I have been a GP in east London for twenty years, using my experiences of seeing patients to nurture an academic GP career. Research has given me the time to think about difficult clinical scenarios and how to better manage them, undoubtedly improving my clinical practice.
The focus of research on thinking, reading widely and discovering something new allowed me to reflect on how best to support my patients, reframing domestic violence and abuse as a health issue (not just a social care one) in my clinical practice. This gave me the confidence over the last twenty years to ask patients about their lives and relationships, which has been fascinating and joyful - there are a lot of loving people out there.
Rising to the challenges of a pandemic
The COVID-19 pandemic has led to a massive impact on general practice. GPs are responding to women who are dealing with domestic violence and abuse as part of their everyday lives, and we know that more women were calling abuse helplines in lockdown. More than ever, GPs need a programme like IRIS to support them in responding to DVA effectively.
Remote consulting has had its benefits. When consulting over the phone, the clinician can read and process the wealth of information in the electronic medical record (EMR) in real time, something not possible with face to face consultations. An EMR contains important information for assessing patients from third parties, social services and the police. It has also been easier to insist on seeing patients on their own, without family members, which is vital when exploring the possibility of DVA.

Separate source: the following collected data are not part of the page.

(* L lists the arguments (b, k, v) of the factors 1 + Y_b,k(v) of N, with b = 0 standing for the
   convention Y_0,k = 0; R and R' are the T-monomials completing both sides to products over L. *)
lemma shift_identityI:
  assumes "\<forall>(b, k, v) \<in> set L. b = 0 \<or> generator_index b k"
    and "N = (\<Prod>(b, k, v) \<leftarrow> L. 1 + Y0 Y b k v)"
    and "R dvd 1"
    and "lhs * R =
      (\<Prod>(b, k, v) \<leftarrow> L. TT b k (v - step b) * TT b k (v + step b)) * R'"
    and "rhs * R = (\<Prod>(b, k, v) \<leftarrow> L. TT b (k - 1) v * TT b (k + 1) v) * R'"
  shows "lhs = N * rhs"
proof (rule mult_right_cancel_if_unit[OF assms(3)])
  show "lhs * R = N * rhs * R"
    using assms(2,4,5) prod_list_Tb_shifts[OF assms(1)] by (simp add: mult.assoc)
qed

lemma Mfun_shift_identity_simply_laced:
  assumes "simply_laced X" "generator_index a m"
  shows "Mfun X TT a m (u - step a) * Mfun X TT a m (u + step a) =
    Nfun X (Y0 Y) a m u * (Mfun X TT a (m - 1) u * Mfun X TT a (m + 1) u)"
proof -
  let ?S = "{b \<in> index_set X. adj X a b}"
  have "Mfun X TT a m (u - step a) * Mfun X TT a m (u + step a) =
      (\<Prod>b\<in>?S. TT b m (u - step b) * TT b m (u + step b))"
    using assms(1) by (simp add: simply_laced_simps prod.distrib)
  also have "\<dots> = (\<Prod>b\<in>?S. (1 + Y0 Y b m u) * (TT b (m - 1) u * TT b (m + 1) u))"
    using assms by (intro prod.cong refl one_plus_Y0_phiY_mult_denominator[symmetric])
      (auto simp: simply_laced_simps)
  also have "\<dots> = Nfun X (Y0 Y) a m u * (Mfun X TT a (m - 1) u * Mfun X TT a (m + 1) u)"
    using assms(1) by (simp add: simply_laced_simps prod.distrib)
  finally show ?thesis .
qed

lemma Mfun_shift_identity_B:
  assumes type_B: "X = B (s + 2)" and am: "generator_index a m"
  shows "Mfun X TT a m (u - step a) * Mfun X TT a m (u + step a) =
    Nfun X (Y0 Y) a m u * (Mfun X TT a (m - 1) u * Mfun X TT a (m + 1) u)"
proof -
  from am type_B have a_range: "1 \<le> a" "a \<le> s + 2"
    and m_range: "1 \<le> m" "m \<le> tnum X a * l - 1"
    by (auto simp: index_set_def)
  then obtain i where i: "m = Suc i"
    by (cases m) auto
  consider "a \<le> s" | "a = s + 1"
    | j where "a = s + 2" "m = 2 * j + 2" | j where "a = s + 2" "m = 2 * j + 1"
  proof -
    have "a \<le> s \<or> a = s + 1 \<or> a = s + 2"
      using a_range by linarith
    moreover have "(\<exists>j. m = 2 * j + 2) \<or> (\<exists>j. m = 2 * j + 1)"
      using m_range(1) by presburger
    ultimately show ?thesis
      using that by blast
  qed
  then show ?thesis
  proof cases
    case 1
    show ?thesis
      by (rule shift_identityI[where L = "[(a - 1, m, u), (a + 1, m, u)]" and R = 1 and R' = 1])
        (use T_system type_B a_range m_range 1 in
          \<open>auto simp: index_set_def shift_sums ac_simps intro!: is_unit_mult T_system_Tb_unit\<close>)
  next
    case 2
    show ?thesis
      by (rule shift_identityI[where L = "[(s, m, u), (s + 2, 2 * m - 1, u), (s + 2, 2 * m + 1, u),
          (s + 2, 2 * m, u - 1/2), (s + 2, 2 * m, u + 1/2)]"
        and R = "TT (s + 2) (2 * m - 1) (u - 1/2) * TT (s + 2) (2 * m - 1) (u + 1/2)
          * TT (s + 2) (2 * m + 1) (u - 1/2) * TT (s + 2) (2 * m + 1) (u + 1/2)
          * TT (s + 2) (2 * m) u * TT (s + 2) (2 * m) u"
        and R' = 1])
        (use T_system type_B m_range i 2 in
          \<open>auto simp: index_set_def shift_sums ac_simps intro!: is_unit_mult T_system_Tb_unit\<close>)
  next
    case (3 j)
    show ?thesis
      by (rule shift_identityI[where L = "[(s + 1, j + 1, u)]" and R = 1
          and R' = "TT (s + 1) (j + 1) u * TT (s + 1) (j + 1) u"])
        (use T_system type_B m_range 3 in
          \<open>auto simp: index_set_def shift_sums ac_simps intro!: is_unit_mult T_system_Tb_unit\<close>)
  next
    case (4 j)
    show ?thesis
      by (rule shift_identityI[where L = "[]" and R = 1
          and R' = "TT (s + 1) j (u - 1/2) * TT (s + 1) j (u + 1/2)
            * TT (s + 1) (j + 1) (u - 1/2) * TT (s + 1) (j + 1) (u + 1/2)"])
        (use T_system type_B m_range 4 in
          \<open>auto simp: index_set_def shift_sums ac_simps intro!: is_unit_mult T_system_Tb_unit\<close>)
  qed
qed
lemma admissible_append_split:
  assumes "length v = length k" and T: "admissible (v @ w) (k @ l) t T"
  obtains T1 T2 s1 s2 where "T = cat_sets (length v) T1 T2"
    "admissible v k s1 T1" "admissible w l s2 T2" "s1 + s2 = t"
proof -
  let ?m = "length v" and ?n = "length w"
  define T1 where "T1 = take ?m T"
  define T2 where "T2 = map (\<lambda>X. shift ?m -` X) (drop ?m T)"
  have lT: "length T = ?m + ?n" using T by (simp add: admissible_def)
  have in_Y: "T ! (?m + j) \<subseteq> shift ?m ` Yset w j" if "j < ?n" for j
  proof -
    have "T ! (?m + j) \<subseteq> Yset (v @ w) (?m + j)" using T that by (simp add: admissible_def)
    then show ?thesis by (simp add: Yset_append_right)
  qed
  have T2_nth: "T2 ! j = shift ?m -` T ! (?m + j)" if "j < ?n" for j
    using that lT by (simp add: T2_def)
  have T_right: "T ! (?m + j) = shift ?m ` (T2 ! j)" if "j < ?n" for j
    using in_Y[OF that] by (auto simp: T2_nth[OF that])
  have T2_sub: "T2 ! j \<subseteq> Yset w j" if "j < ?n" for j
    using in_Y[OF that] inj_shift by (auto simp: T2_nth[OF that] inj_eq)
  have lT12: "length T1 = ?m" "length T2 = ?n" using lT by (simp_all add: T1_def T2_def)
  have "T = cat_sets ?m T1 T2"
  proof (rule nth_equalityI)
    show "length T = length (cat_sets ?m T1 T2)" using lT lT12 by (simp add: cat_sets_def)
    fix i assume i: "i < length T"
    show "T ! i = cat_sets ?m T1 T2 ! i"
    proof (cases "i < ?m")
      case True
      then show ?thesis using i lT12 by (simp add: nth_cat_sets T1_def)
    next
      case False
      then obtain j where "i = ?m + j" "j < ?n" using i lT
        by (intro that[of "i - ?m"]) auto
      then show ?thesis using lT12 T_right by (simp add: nth_cat_sets)
    qed
  qed
  moreover have "T1 ! i \<subseteq> Yset v i \<and> card (T1 ! i) \<le> k ! i" if "i < ?m" for i
  proof -
    have "T ! i \<subseteq> Yset (v @ w) i" "card (T ! i) \<le> (k @ l) ! i"
      using T that by (auto simp: admissible_def)
    then show ?thesis using that assms(1) by (simp add: T1_def Yset_append_left nth_append)
  qed
  then have "admissible v k (\<Sum>i<?m. card (T1 ! i)) T1" using lT12 by (simp add: admissible_def)
  moreover have "card (T2 ! j) \<le> l ! j" if "j < ?n" for j
  proof -
    have "card (T ! (?m + j)) \<le> (k @ l) ! (?m + j)" using T that by (simp add: admissible_def)
    then show ?thesis using T_right[OF that] assms(1) by (simp add: card_shift_image nth_append)
  qed
  then have "admissible w l (\<Sum>j<?n. card (T2 ! j)) T2"
    using T2_sub lT12 by (simp add: admissible_def)
  moreover have "(\<Sum>i<?m. card (T1 ! i)) + (\<Sum>j<?n. card (T2 ! j)) = t"
  proof -
    have "t = (\<Sum>i<?m. card (T ! i)) + (\<Sum>j<?n. card (T ! (?m + j)))"
      using T by (simp add: admissible_def sum_lessThan_add)
    then show ?thesis by (simp add: T1_def T_right card_shift_image)
  qed
  ultimately show ?thesis using that by blast
qed

lemma pairing_list:
  assumes "xs \<noteq> []" "ys \<noteq> []"
  obtains ps where "length ps = max (length xs) (length ys)"
    "fst ` set ps = set xs" "snd ` set ps = set ys"
proof -
  let ?n = "max (length xs) (length ys)"
  define xs' where "xs' = xs @ replicate (?n - length xs) (last xs)"
  define ys' where "ys' = ys @ replicate (?n - length ys) (last ys)"
  have "length xs' = ?n" "length ys' = ?n" by (simp_all add: xs'_def ys'_def)
  moreover have "set xs' = set xs" "set ys' = set ys"
    using assms by (auto simp: xs'_def ys'_def)
  moreover have "fst ` set (zip xs' ys') = set xs'" "snd ` set (zip xs' ys') = set ys'"
    by (metis calculation(1,2) map_fst_zip map_snd_zip set_map)+
  ultimately show ?thesis using that[of "zip xs' ys'"] by simp
qed
(* Let $\alpha\in(0,1/2)$ and consider a single obstacle $V^\varepsilon_\alpha$ centered at the origin. Suppose the particle enters $B(0,\varepsilon)$ at time $0$ at position $x^-$ with $|x^-|=\varepsilon$ and velocity $v^-$, $|v^-|=1$, and exits at time $\tau$ with velocity $v^+$. Let $\hat x(s)=x^-+sv^-$ be the unperturbed straight line and $\hat\tau=-2x^-\cdot v^-$ its exit time from $B(0,\varepsilon)$. Set $F^\varepsilon_\alpha=-\nabla V^\varepsilon_\alpha$ and $X_1:=\int_0^{\hat\tau}F^\varepsilon_\alpha(\hat x(s))\,ds$. Then, with constants uniform in the impact parameter, as $\varepsilon\to0$: (i) $|\tau-\hat\tau|=O(\varepsilon^{1+\alpha})$; (ii) $X_1\cdot v^-=0$ and $|X_1|=O(\varepsilon^\alpha)$; (iii) the deflection angle $\theta$ between $v^-$ and $v^+$ satisfies $\theta^2=|X_1|^2+O(\varepsilon^{3\alpha})$; (iv) $v^+-v^-=X_1+X_{21}+O(\varepsilon^{3\alpha})$ where $X_{21}:=\int_0^{\hat\tau}\int_0^s(s-u)\,\nabla F^\varepsilon_\alpha(\hat x(s))F^\varepsilon_\alpha(\hat x(u))\,du\,ds=O(\varepsilon^{2\alpha})$.
   Context: $V:\mathbb{R}^2\to\mathbb{R}$ is smooth, radial, supported in the closed unit ball; $V^\varepsilon_\alpha(x)=\varepsilon^\alpha V(|x|/\varepsilon)$. The particle moves according to $\dot x=v$, $\dot v=-\nabla V^\varepsilon_\alpha(x)$. *)

theory Defs
  imports "HOL-Analysis.Analysis"
begin

fun iter_dderiv :: "(real^2) list \<Rightarrow> (real^2 \<Rightarrow> real) \<Rightarrow> real^2 \<Rightarrow> real" where
  "iter_dderiv [] f = f"
| "iter_dderiv (h # hs) f = (\<lambda>x. frechet_derivative (iter_dderiv hs f) (at x) h)"

text \<open>Smooth (C-infinity): every iterated directional derivative exists as a
  Frechet-differentiable (hence continuous) function on the whole plane.\<close>
definition smooth2 :: "(real^2 \<Rightarrow> real) \<Rightarrow> bool" where
  "smooth2 f \<longleftrightarrow> (\<forall>hs x. iter_dderiv hs f differentiable (at x))"

definition radial2 :: "(real^2 \<Rightarrow> real) \<Rightarrow> bool" where
  "radial2 f \<longleftrightarrow> (\<forall>x y. norm x = norm y \<longrightarrow> f x = f y)"

definition grad :: "(real^2 \<Rightarrow> real) \<Rightarrow> real^2 \<Rightarrow> real^2" where
  "grad f x = (SOME D. (f has_derivative (\<lambda>h. D \<bullet> h)) (at x))"

definition Veps :: "(real^2 \<Rightarrow> real) \<Rightarrow> real \<Rightarrow> real \<Rightarrow> real^2 \<Rightarrow> real" where
  "Veps V \<alpha> \<epsilon> x = \<epsilon> powr \<alpha> * V ((1 / \<epsilon>) *\<^sub>R x)"

definition Feps :: "(real^2 \<Rightarrow> real) \<Rightarrow> real \<Rightarrow> real \<Rightarrow> real^2 \<Rightarrow> real^2" where
  "Feps V \<alpha> \<epsilon> x = - grad (Veps V \<alpha> \<epsilon>) x"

Another focus of my work that has emerged during the pandemic is on improving the primary care response to COVID-19. On the GP frontline, it has been obvious that the UK COVID messaging has not been fit for purpose. Guidance has wrongly suggested that a “cold cough” can be distinguished from a “covid cough” when it cannot; and that there are three main covid symptoms – when there are not. This incorrect messaging has caused harm and I have been trying to campaign for better guidance with a consortium of 140 GP colleagues, including writing an Open Letter to Chris Whitty.
In March this year, Chris Whitty approved GPs to advise patients on COVID-19 PCR tests without being constrained by the publicly shared triad of symptoms, but more change is still needed. At my last urgent care session, I reviewed 15 patients with viral symptoms – including coughs and high temperatures –and only one had correctly organised the right COVID PCR test. I think this confusion has contributed to the ongoing very high covid case numbers in the UK, unlike our European neighbours who have been using the right WHO covid case definition. Sadly, no-one with power has prioritised putting this right. My campaign for change has been challenging and continues!
On a personal note, my care privileges have increased since the start of the pandemic (as is the case for many female academics), looking after my lovely frail elderly parents, my unique sister with a learning disability and my amazing young daughter. Hence, I don’t have the time needed to write lengthy funding applications – it was always difficult but now it’s a remote possibility!
Some final advice
Find something you feel about deeply, then find others who are already involved in that research, who can support you and help you pursue a research career. Funded research that is going to potentially result in change is a group activity - it can’t be done on your own.
The views expressed in this blog are those of the author(s) and not necessarily those of the National Institute for Health Research or the Department of Health and Social Care.